▶ Your objective: Search the records for the string "delta" and copy every line where it turns up.

▶ Data records:
————

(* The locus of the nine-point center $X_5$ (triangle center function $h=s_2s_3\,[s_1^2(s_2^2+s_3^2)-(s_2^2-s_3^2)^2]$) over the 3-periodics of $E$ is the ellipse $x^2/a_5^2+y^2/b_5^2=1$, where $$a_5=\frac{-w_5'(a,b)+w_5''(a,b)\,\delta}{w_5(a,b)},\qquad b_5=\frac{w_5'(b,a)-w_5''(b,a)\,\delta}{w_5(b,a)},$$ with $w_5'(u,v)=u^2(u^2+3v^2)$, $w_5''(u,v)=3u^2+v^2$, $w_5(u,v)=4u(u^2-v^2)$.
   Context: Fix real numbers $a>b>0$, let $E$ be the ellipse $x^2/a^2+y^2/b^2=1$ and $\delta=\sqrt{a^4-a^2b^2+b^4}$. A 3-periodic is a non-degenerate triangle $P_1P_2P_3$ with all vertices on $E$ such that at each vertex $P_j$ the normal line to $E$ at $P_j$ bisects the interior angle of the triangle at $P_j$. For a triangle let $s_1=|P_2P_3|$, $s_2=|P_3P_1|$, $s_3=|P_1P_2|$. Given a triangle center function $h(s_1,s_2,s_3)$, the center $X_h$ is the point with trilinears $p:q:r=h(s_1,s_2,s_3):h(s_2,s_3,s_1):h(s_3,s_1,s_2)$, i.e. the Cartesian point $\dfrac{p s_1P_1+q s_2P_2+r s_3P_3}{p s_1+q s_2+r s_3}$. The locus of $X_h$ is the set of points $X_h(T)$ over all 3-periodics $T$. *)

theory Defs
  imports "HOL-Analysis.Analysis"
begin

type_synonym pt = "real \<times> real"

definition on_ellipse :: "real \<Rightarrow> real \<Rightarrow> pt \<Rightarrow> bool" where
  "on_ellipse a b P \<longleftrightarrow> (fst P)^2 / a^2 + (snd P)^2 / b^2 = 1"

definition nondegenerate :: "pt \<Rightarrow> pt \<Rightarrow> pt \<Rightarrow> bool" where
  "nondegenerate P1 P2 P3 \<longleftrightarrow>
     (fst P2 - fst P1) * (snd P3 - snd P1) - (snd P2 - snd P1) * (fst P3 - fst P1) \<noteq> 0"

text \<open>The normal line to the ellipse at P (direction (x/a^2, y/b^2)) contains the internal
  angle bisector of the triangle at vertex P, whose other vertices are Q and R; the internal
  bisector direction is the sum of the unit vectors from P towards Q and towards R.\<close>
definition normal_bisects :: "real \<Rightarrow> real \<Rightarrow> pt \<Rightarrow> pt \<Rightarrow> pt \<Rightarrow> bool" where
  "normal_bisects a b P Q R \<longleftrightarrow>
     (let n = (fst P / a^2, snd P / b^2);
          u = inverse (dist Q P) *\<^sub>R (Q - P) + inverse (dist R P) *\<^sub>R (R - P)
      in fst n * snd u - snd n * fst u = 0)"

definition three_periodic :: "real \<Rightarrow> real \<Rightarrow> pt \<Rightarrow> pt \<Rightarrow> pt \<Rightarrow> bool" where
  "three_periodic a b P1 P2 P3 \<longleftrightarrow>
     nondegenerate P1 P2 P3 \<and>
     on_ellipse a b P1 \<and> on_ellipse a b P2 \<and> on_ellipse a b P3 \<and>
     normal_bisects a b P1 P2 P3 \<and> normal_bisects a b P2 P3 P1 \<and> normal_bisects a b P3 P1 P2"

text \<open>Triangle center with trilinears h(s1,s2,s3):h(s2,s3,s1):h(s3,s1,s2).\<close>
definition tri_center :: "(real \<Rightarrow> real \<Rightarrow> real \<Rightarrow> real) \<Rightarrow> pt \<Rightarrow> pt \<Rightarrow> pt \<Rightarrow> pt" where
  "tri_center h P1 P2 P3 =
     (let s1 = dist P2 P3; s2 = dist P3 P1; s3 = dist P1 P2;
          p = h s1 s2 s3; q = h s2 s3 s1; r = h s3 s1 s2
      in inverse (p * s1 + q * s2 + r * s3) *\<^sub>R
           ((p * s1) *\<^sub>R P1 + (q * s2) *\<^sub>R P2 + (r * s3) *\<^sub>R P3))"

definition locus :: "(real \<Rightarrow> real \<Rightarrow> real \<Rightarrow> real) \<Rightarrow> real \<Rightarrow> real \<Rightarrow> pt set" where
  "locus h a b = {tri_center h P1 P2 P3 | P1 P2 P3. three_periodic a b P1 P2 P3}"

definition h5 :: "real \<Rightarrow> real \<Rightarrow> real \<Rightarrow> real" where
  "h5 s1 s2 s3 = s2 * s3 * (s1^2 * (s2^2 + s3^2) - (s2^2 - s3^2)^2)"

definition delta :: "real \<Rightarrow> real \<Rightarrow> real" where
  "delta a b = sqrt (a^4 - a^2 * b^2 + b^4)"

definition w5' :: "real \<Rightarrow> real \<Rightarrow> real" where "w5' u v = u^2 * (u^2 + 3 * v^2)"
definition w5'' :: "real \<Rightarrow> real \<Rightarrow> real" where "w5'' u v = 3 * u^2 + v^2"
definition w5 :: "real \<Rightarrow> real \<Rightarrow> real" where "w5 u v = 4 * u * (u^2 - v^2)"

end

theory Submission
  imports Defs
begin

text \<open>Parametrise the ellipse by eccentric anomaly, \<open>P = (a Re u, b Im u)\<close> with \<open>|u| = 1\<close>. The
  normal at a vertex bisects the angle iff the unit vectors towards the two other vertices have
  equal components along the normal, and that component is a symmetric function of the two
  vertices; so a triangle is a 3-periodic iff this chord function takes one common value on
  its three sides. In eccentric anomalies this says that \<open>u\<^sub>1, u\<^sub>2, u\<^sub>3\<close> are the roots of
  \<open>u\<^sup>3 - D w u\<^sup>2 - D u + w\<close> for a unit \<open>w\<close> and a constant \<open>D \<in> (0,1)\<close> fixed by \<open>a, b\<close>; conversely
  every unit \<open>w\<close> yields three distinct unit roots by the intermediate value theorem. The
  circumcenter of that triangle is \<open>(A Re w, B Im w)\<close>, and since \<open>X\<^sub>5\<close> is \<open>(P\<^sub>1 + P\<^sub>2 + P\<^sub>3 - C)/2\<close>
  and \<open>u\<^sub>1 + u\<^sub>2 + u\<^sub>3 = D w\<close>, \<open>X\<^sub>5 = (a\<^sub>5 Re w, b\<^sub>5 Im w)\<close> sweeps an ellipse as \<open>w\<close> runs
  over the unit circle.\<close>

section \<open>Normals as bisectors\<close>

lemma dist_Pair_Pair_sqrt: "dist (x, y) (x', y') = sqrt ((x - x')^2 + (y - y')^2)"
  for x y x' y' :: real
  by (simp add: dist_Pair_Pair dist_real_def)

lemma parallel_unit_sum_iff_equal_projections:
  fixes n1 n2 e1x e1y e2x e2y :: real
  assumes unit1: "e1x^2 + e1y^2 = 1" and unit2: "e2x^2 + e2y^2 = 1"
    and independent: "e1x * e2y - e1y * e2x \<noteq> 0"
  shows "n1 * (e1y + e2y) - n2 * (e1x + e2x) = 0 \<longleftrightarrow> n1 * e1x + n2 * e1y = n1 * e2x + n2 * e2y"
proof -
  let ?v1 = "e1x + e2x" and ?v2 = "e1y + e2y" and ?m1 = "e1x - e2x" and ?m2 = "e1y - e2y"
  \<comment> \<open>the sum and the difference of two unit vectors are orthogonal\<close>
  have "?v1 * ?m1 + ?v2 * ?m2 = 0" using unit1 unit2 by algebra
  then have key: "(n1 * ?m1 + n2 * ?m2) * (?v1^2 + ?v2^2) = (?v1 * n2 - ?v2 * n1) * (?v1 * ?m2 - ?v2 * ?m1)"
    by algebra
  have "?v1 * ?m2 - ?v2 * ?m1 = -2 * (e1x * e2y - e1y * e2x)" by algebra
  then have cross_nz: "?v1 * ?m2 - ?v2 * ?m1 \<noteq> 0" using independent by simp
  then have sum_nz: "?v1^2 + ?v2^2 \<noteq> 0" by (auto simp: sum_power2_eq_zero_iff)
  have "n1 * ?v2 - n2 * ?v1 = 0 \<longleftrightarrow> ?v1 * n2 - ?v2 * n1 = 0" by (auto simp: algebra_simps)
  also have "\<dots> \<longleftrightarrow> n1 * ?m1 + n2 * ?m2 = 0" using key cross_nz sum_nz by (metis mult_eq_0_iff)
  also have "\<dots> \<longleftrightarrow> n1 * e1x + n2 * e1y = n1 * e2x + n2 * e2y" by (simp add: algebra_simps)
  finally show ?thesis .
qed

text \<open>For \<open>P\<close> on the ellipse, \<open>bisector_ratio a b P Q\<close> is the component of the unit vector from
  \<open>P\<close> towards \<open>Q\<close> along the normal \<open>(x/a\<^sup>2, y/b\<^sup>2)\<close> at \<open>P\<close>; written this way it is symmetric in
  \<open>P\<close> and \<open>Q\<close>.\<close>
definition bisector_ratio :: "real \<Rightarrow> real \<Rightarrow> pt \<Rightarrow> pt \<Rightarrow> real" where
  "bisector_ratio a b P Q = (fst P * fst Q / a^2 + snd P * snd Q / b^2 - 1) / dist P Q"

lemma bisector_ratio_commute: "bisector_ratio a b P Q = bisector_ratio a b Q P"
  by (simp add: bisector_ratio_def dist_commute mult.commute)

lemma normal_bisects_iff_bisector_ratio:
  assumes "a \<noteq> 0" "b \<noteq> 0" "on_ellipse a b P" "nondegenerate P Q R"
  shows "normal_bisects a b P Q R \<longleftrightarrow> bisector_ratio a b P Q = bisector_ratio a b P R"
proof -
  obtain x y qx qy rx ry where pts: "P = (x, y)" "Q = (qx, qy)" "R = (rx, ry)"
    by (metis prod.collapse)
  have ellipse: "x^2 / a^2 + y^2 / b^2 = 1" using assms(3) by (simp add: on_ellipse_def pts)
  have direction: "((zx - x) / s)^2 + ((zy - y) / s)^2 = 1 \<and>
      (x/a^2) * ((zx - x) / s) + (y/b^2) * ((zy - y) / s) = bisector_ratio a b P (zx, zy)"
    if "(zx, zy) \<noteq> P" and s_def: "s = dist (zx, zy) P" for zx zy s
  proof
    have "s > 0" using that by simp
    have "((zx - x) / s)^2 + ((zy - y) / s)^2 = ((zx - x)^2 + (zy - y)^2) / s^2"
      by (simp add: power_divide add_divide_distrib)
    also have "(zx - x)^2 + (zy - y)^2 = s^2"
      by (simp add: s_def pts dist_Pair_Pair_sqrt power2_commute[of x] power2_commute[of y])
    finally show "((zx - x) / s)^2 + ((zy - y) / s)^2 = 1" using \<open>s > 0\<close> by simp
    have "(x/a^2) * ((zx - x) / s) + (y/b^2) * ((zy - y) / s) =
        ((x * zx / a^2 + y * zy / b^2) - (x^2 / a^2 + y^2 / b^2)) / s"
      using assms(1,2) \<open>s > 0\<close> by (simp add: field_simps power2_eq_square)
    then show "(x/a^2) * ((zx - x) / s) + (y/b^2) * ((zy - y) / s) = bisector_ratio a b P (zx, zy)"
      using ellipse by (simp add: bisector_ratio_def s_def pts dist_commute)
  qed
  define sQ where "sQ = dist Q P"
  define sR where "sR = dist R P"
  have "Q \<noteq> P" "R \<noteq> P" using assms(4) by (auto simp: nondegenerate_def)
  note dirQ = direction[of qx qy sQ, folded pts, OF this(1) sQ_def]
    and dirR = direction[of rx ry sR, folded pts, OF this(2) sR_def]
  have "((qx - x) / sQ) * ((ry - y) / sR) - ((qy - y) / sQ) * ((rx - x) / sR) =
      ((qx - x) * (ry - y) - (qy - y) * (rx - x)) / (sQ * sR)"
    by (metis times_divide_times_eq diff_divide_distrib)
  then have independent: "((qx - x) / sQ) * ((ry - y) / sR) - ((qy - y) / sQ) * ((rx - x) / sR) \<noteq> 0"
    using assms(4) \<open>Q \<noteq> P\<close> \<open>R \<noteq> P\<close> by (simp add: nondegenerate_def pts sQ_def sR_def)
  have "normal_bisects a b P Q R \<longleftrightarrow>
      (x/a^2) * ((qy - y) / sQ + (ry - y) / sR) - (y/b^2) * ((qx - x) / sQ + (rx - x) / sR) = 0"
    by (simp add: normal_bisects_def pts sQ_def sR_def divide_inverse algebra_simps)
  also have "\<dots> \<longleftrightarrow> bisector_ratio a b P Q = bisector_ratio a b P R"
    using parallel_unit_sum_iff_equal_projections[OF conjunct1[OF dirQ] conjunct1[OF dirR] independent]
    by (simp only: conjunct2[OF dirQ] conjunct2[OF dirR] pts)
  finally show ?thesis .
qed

————

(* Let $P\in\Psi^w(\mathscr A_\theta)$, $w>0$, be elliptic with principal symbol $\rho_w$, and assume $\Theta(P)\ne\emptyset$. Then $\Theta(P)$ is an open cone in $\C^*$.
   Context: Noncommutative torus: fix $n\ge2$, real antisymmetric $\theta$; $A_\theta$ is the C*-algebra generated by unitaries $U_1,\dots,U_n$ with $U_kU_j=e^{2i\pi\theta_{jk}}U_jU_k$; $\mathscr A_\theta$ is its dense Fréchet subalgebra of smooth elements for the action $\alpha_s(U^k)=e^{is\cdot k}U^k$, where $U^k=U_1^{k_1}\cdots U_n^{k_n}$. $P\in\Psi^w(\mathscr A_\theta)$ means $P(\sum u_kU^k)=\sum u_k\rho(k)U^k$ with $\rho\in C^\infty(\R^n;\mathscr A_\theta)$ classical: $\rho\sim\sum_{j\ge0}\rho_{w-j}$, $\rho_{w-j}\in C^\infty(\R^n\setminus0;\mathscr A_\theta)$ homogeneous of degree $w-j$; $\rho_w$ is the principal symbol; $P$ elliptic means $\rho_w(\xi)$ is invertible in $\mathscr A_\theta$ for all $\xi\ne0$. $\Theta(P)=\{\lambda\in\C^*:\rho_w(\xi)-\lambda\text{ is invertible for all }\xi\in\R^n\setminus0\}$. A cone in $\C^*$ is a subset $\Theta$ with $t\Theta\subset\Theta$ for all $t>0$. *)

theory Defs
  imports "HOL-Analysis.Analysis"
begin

————

▶ Result below:
(* The locus of the nine-point center $X_5$ (triangle center function $h=s_2s_3\,[s_1^2(s_2^2+s_3^2)-(s_2^2-s_3^2)^2]$) over the 3-periodics of $E$ is the ellipse $x^2/a_5^2+y^2/b_5^2=1$, where $$a_5=\frac{-w_5'(a,b)+w_5''(a,b)\,\delta}{w_5(a,b)},\qquad b_5=\frac{w_5'(b,a)-w_5''(b,a)\,\delta}{w_5(b,a)},$$ with $w_5'(u,v)=u^2(u^2+3v^2)$, $w_5''(u,v)=3u^2+v^2$, $w_5(u,v)=4u(u^2-v^2)$.
   Context: Fix real numbers $a>b>0$, let $E$ be the ellipse $x^2/a^2+y^2/b^2=1$ and $\delta=\sqrt{a^4-a^2b^2+b^4}$. A 3-periodic is a non-degenerate triangle $P_1P_2P_3$ with all vertices on $E$ such that at each vertex $P_j$ the normal line to $E$ at $P_j$ bisects the interior angle of the triangle at $P_j$. For a triangle let $s_1=|P_2P_3|$, $s_2=|P_3P_1|$, $s_3=|P_1P_2|$. Given a triangle center function $h(s_1,s_2,s_3)$, the center $X_h$ is the point with trilinears $p:q:r=h(s_1,s_2,s_3):h(s_2,s_3,s_1):h(s_3,s_1,s_2)$, i.e. the Cartesian point $\dfrac{p s_1P_1+q s_2P_2+r s_3P_3}{p s_1+q s_2+r s_3}$. The locus of $X_h$ is the set of points $X_h(T)$ over all 3-periodics $T$. *)
definition delta :: "real \<Rightarrow> real \<Rightarrow> real" where
  "delta a b = sqrt (a^4 - a^2 * b^2 + b^4)"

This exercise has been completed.